# Cub Cadet XT1 50" 24 hp kohler seized while full of oil?



## TJessie (Jun 1, 2021)

I have a 2016 cub cadet xt1 50" with a 24hp kohler motor that has about 150-ish hours on it. The motor has seized, but I'm not sure why. It was full of oil, and running fine. I stopped to empty the baggers, and it didn't want to start back up. After some investigation, I tried to turn the flywheel thing on top by hand, and it wouldn't budge. My son in law said there is a nylon part inside, that he called an "oil slinger"? which I'd never heard of, that can go bad and cause poor oil circulation. Anyone know more about this? I'm guessing I'm more or less screwed, as far as getting CC or kohler to do anything about it, but the unit still looks new, so I am not pleased!

Any info will be appreciated.


----------



## BigT (Sep 15, 2014)

Hello TJessie, welcome. 

I'm sure that you've pulled the spark plug and tried to crank it? 

Here's one possibility... I always fear this happening to an air-cooled engine. The cooling fins become plugged with chaff, dirt, and cuttings debris. Resulting in overheated engine. Pull the cowling off of your engine and check to see if this is your case. 

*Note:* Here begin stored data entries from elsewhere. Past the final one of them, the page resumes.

definition SW_kernel :: "nat \<Rightarrow> real \<Rightarrow> 'v set \<Rightarrow> 'v set set \<Rightarrow> ('v \<Rightarrow> nat) \<Rightarrow> ('v \<Rightarrow> nat) \<Rightarrow> real" where
  "SW_kernel q p V E \<sigma> \<tau> =
     (\<Sum>A\<in>Pow (mono_edges E \<sigma>). perc_prob p (mono_edges E \<sigma>) A *
        (if \<tau> \<in> configs q V \<and> (\<forall>(u, v)\<in>comp_rel V A. \<tau> u = \<tau> v)
         then 1 / real q ^ card (V // comp_rel V A) else 0))"

definition ISW_kernel :: "nat \<Rightarrow> real \<Rightarrow> 'v set \<Rightarrow> 'v set set \<Rightarrow> ('v \<Rightarrow> nat) \<Rightarrow> ('v \<Rightarrow> nat) \<Rightarrow> real" where
  "ISW_kernel q p V E \<sigma> \<tau> =
     (\<Sum>A\<in>Pow (mono_edges E \<sigma>). perc_prob p (mono_edges E \<sigma>) A *
        (if \<tau> \<in> configs q V \<and> (\<forall>v\<in>V. \<not> isolated V A v \<longrightarrow> \<tau> v = \<sigma> v)
         then 1 / real q ^ card {v \<in> V. isolated V A v} else 0))"

text \<open>Transition matrix of a kernel on a finite state space \<Omega>, w.r.t. an
  (arbitrary) enumeration of \<Omega>; the spectrum does not depend on the choice.\<close>
definition state_enum :: "'s set \<Rightarrow> nat \<Rightarrow> 's" where
  "state_enum \<Omega> = (SOME f. bij_betw f {0..<card \<Omega>} \<Omega>)"

definition trans_mat :: "'s set \<Rightarrow> ('s \<Rightarrow> 's \<Rightarrow> real) \<Rightarrow> real mat" where
  "trans_mat \<Omega> P = mat (card \<Omega>) (card \<Omega>)
     (\<lambda>(i, j). P (state_enum \<Omega> i) (state_enum \<Omega> j))"

text \<open>Eigenvalues with multiplicity in non-increasing order
  1 = lambda_1 \<ge> ... \<ge> lambda_N (real spectrum of a reversible matrix).\<close>
definition eigs_desc :: "real mat \<Rightarrow> real list" where
  "eigs_desc M = rev (sorted_list_of_multiset (proots (char_poly M)))"

definition spectral_gap :: "real mat \<Rightarrow> real" where
  "spectral_gap M = 1 - max \<bar>eigs_desc M ! 1\<bar> \<bar>last (eigs_desc M)\<bar>"

end

theory Submission
  imports Defs "HOL-Combinatorics.Permutations"
begin

text \<open>Both chains are reversible with respect to the Potts measure \<open>\<pi>\<close>, and both have a
  positive semidefinite quadratic form \<open>\<langle>f, P f\<rangle>\<^sub>\<pi>\<close>; so their spectral gaps are \<open>1 - \<lambda>\<^sub>2\<close>,
  and by the min-max principle it suffices to show \<open>\<langle>f, SW f\<rangle>\<^sub>\<pi> \<le> \<langle>f, I f\<rangle>\<^sub>\<pi>\<close> for all \<open>f\<close>.
  Through the Edwards--Sokal coupling both forms split into a sum over edge sets \<open>A \<subseteq> E\<close>
  with Bernoulli weights. For \<open>SW\<close> the term of \<open>A\<close> is \<open>q\<^sup>-\<^sup>c\<^sup>(\<^sup>A\<^sup>) (\<Sum>\<^sub>\<sigma> f \<sigma>)\<^sup>2\<close>, summed over the
  configurations compatible with \<open>A\<close>; for \<open>I\<^sub>S\<^sub>W\<close> it is \<open>q\<^sup>-\<^sup>i\<^sup>(\<^sup>A\<^sup>)\<close> times the sum of \<open>f \<sigma> f \<tau>\<close> over
  compatible pairs that agree off the isolated vertices. The agreement classes all have \<open>q\<^sup>i\<^sup>(\<^sup>A\<^sup>)\<close>
  elements and there are at most \<open>q\<^sup>c\<^sup>(\<^sup>A\<^sup>)\<close> compatible configurations, so Cauchy--Schwarz over
  the classes compares the two terms.\<close>

section \<open>Spectral theorem for real symmetric matrices\<close>

text \<open>An \<open>n \<times> n\<close> matrix is a function \<open>nat \<Rightarrow> nat \<Rightarrow> real\<close> of which only indices below \<open>n\<close> matter;
  a family of vectors is given by its rows \<open>u k\<close>.\<close>

definition mat_vec :: "nat \<Rightarrow> (nat \<Rightarrow> nat \<Rightarrow> real) \<Rightarrow> (nat \<Rightarrow> real) \<Rightarrow> nat \<Rightarrow> real" where
  "mat_vec n A x = (\<lambda>i. \<Sum>j<n. A i j * x j)"

definition mat_prod :: "nat \<Rightarrow> (nat \<Rightarrow> nat \<Rightarrow> real) \<Rightarrow> (nat \<Rightarrow> nat \<Rightarrow> real) \<Rightarrow> nat \<Rightarrow> nat \<Rightarrow> real" where
  "mat_prod n A B = (\<lambda>i k. \<Sum>j<n. A i j * B j k)"

definition sym_matrix :: "nat \<Rightarrow> (nat \<Rightarrow> nat \<Rightarrow> real) \<Rightarrow> bool" where
  "sym_matrix n S \<longleftrightarrow> (\<forall>i<n. \<forall>j<n. S i j = S j i)"

definition involution :: "nat \<Rightarrow> (nat \<Rightarrow> nat \<Rightarrow> real) \<Rightarrow> bool" where
  "involution n H \<longleftrightarrow> (\<forall>i<n. \<forall>j<n. mat_prod n H H i j = (if i = j then 1 else 0))"

definition orthonormal_rows :: "nat \<Rightarrow> (nat \<Rightarrow> nat \<Rightarrow> real) \<Rightarrow> bool" where
  "orthonormal_rows n u \<longleftrightarrow> (\<forall>k<n. \<forall>l<n. (\<Sum>i<n. u k i * u l i) = (if k = l then 1 else 0))"

definition orthonormal_cols :: "nat \<Rightarrow> (nat \<Rightarrow> nat \<Rightarrow> real) \<Rightarrow> bool" where
  "orthonormal_cols n u \<longleftrightarrow> (\<forall>i<n. \<forall>j<n. (\<Sum>k<n. u k i * u k j) = (if i = j then 1 else 0))"

definition eigensystem :: "nat \<Rightarrow> (nat \<Rightarrow> nat \<Rightarrow> real) \<Rightarrow> (nat \<Rightarrow> real) \<Rightarrow> (nat \<Rightarrow> nat \<Rightarrow> real) \<Rightarrow> bool" where
  "eigensystem n S e u \<longleftrightarrow> (\<forall>k<n. \<forall>i<n. mat_vec n S (u k) i = e k * u k i)"

definition quad_form :: "nat \<Rightarrow> (nat \<Rightarrow> nat \<Rightarrow> real) \<Rightarrow> (nat \<Rightarrow> real) \<Rightarrow> real" where
  "quad_form n S x = (\<Sum>i<n. \<Sum>j<n. x i * S i j * x j)"

lemma mat_vec_cong: "(\<And>j. j < n \<Longrightarrow> x j = y j) \<Longrightarrow> mat_vec n A x = mat_vec n A y"
  unfolding mat_vec_def by (auto intro!: ext sum.cong)

lemma mat_vec_scale: "mat_vec n A (\<lambda>j. c * x j) = (\<lambda>i. c * mat_vec n A x i)"
  unfolding mat_vec_def by (auto simp: sum_distrib_left algebra_simps intro!: ext)

lemma mat_vec_mat_vec: "mat_vec n A (mat_vec n B x) = mat_vec n (mat_prod n A B) x"
proof (rule ext)
  fix i
  have "mat_vec n A (mat_vec n B x) i = (\<Sum>j<n. \<Sum>k<n. A i j * B j k * x k)"
    unfolding mat_vec_def by (simp add: sum_distrib_left mult.assoc)
  also have "\<dots> = (\<Sum>k<n. \<Sum>j<n. A i j * B j k * x k)" by (rule sum.swap)
  also have "\<dots> = mat_vec n (mat_prod n A B) x i"
    unfolding mat_vec_def mat_prod_def by (simp add: sum_distrib_right)
  finally show "mat_vec n A (mat_vec n B x) i = mat_vec n (mat_prod n A B) x i" .
qed

lemma sum_delta_mult_delta:
  "(\<Sum>k<(n::nat). (if i = k then 1 else 0) * (if k = j then 1 else (0::real))) = (if i = j \<and> i < n then 1 else 0)"
proof -
  have "(\<Sum>k<n. (if i = k then 1 else 0) * (if k = j then 1 else (0::real)))
      = (\<Sum>k<n. if k = i then (if i = j then 1 else 0) else 0)"
    by (intro sum.cong) auto
  also have "\<dots> = (if i = j \<and> i < n then 1 else 0)" by (simp add: sum.delta)
  finally show ?thesis .
qed

lemma quad_form_mat_vec: "quad_form n S x = (\<Sum>i<n. x i * mat_vec n S x i)"
  unfolding quad_form_def mat_vec_def by (simp add: sum_distrib_left mult.assoc)

lemma involution_mat_vec_twice:
  assumes "involution n H" "i < n"
  shows "mat_vec n H (mat_vec n H x) i = x i"
proof -
  have "mat_vec n H (mat_vec n H x) i = (\<Sum>j<n. mat_prod n H H i j * x j)"
    unfolding mat_vec_mat_vec by (simp add: mat_vec_def)
  also have "\<dots> = (\<Sum>j<n. if j = i then x j else 0)"
    using assms unfolding involution_def by (intro sum.cong) auto
  also have "\<dots> = x i" using assms(2) by (simp add: sum.delta)
  finally show ?thesis .
qed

Next, pull the head off and check for cylinder wall scoring. If it's not scored, you've got a chance to revive it without major expenditure. 

Check the oil slinger.


----------



## FredM (Nov 18, 2015)

I think you will find that your engine has an oil pump, if there is an oil filter screwed onto the engine, then you have a pump, it is rather strange that the engine should sieze when you stopped it to debag, normaly the engine self destructs with a rod through the side of the engine block and this happens when you are not prepared for it, has the engine had regular oil changes?, can you remember hearing any unusual engine sounds as you shut down the engine?.


----------



## Hendricks7x (8 mo ago)

I have a 2021 XT1 that just seized up with 8 hrs on it and full of oil. The dealer is waiting to see if they are going to warranty it.. we shall see.


----------



## Bob Driver (Nov 1, 2017)

TJessie said:


> I have a 2016 cub cadet xt1 50" with a 24hp kohler motor that has about 150-ish hours on it. The motor has seized, but I'm not sure why. It was full of oil, and running fine. I stopped to empty the baggers, and it didn't want to start back up. After some investigation, I tried to turn the flywheel thing on top by hand, and it wouldn't budge. My son in law said there is a nylon part inside, that he called an "oil slinger"? which I'd never heard of, that can go bad and cause poor oil circulation. Anyone know more about this? I'm guessing I'm more or less screwed, as far as getting CC or kohler to do anything about it, but the unit still looks new, so I am not pleased!
> 
> Any info will be appreciated.


 Kohler Warranty expired in 2019 (three years).... Don't let your son-in-law work on it, it has an oil pump, not a splash lube. Should be KT735 Kohler... Normally 1,000 hour engine.


----------



## Firefight-100 (Aug 28, 2021)

What he is referring to is a plastic cam gear. And yes they are prone to destruction in Kohler's. Also plastic governor and oil pump gears.


----------



## Bob Driver (Nov 1, 2017)

Firefight-100 said:


> What he is referring to is a plastic cam gear. And yes they are prone to destruction in Kohler's. Also plastic governor and oil pump gears.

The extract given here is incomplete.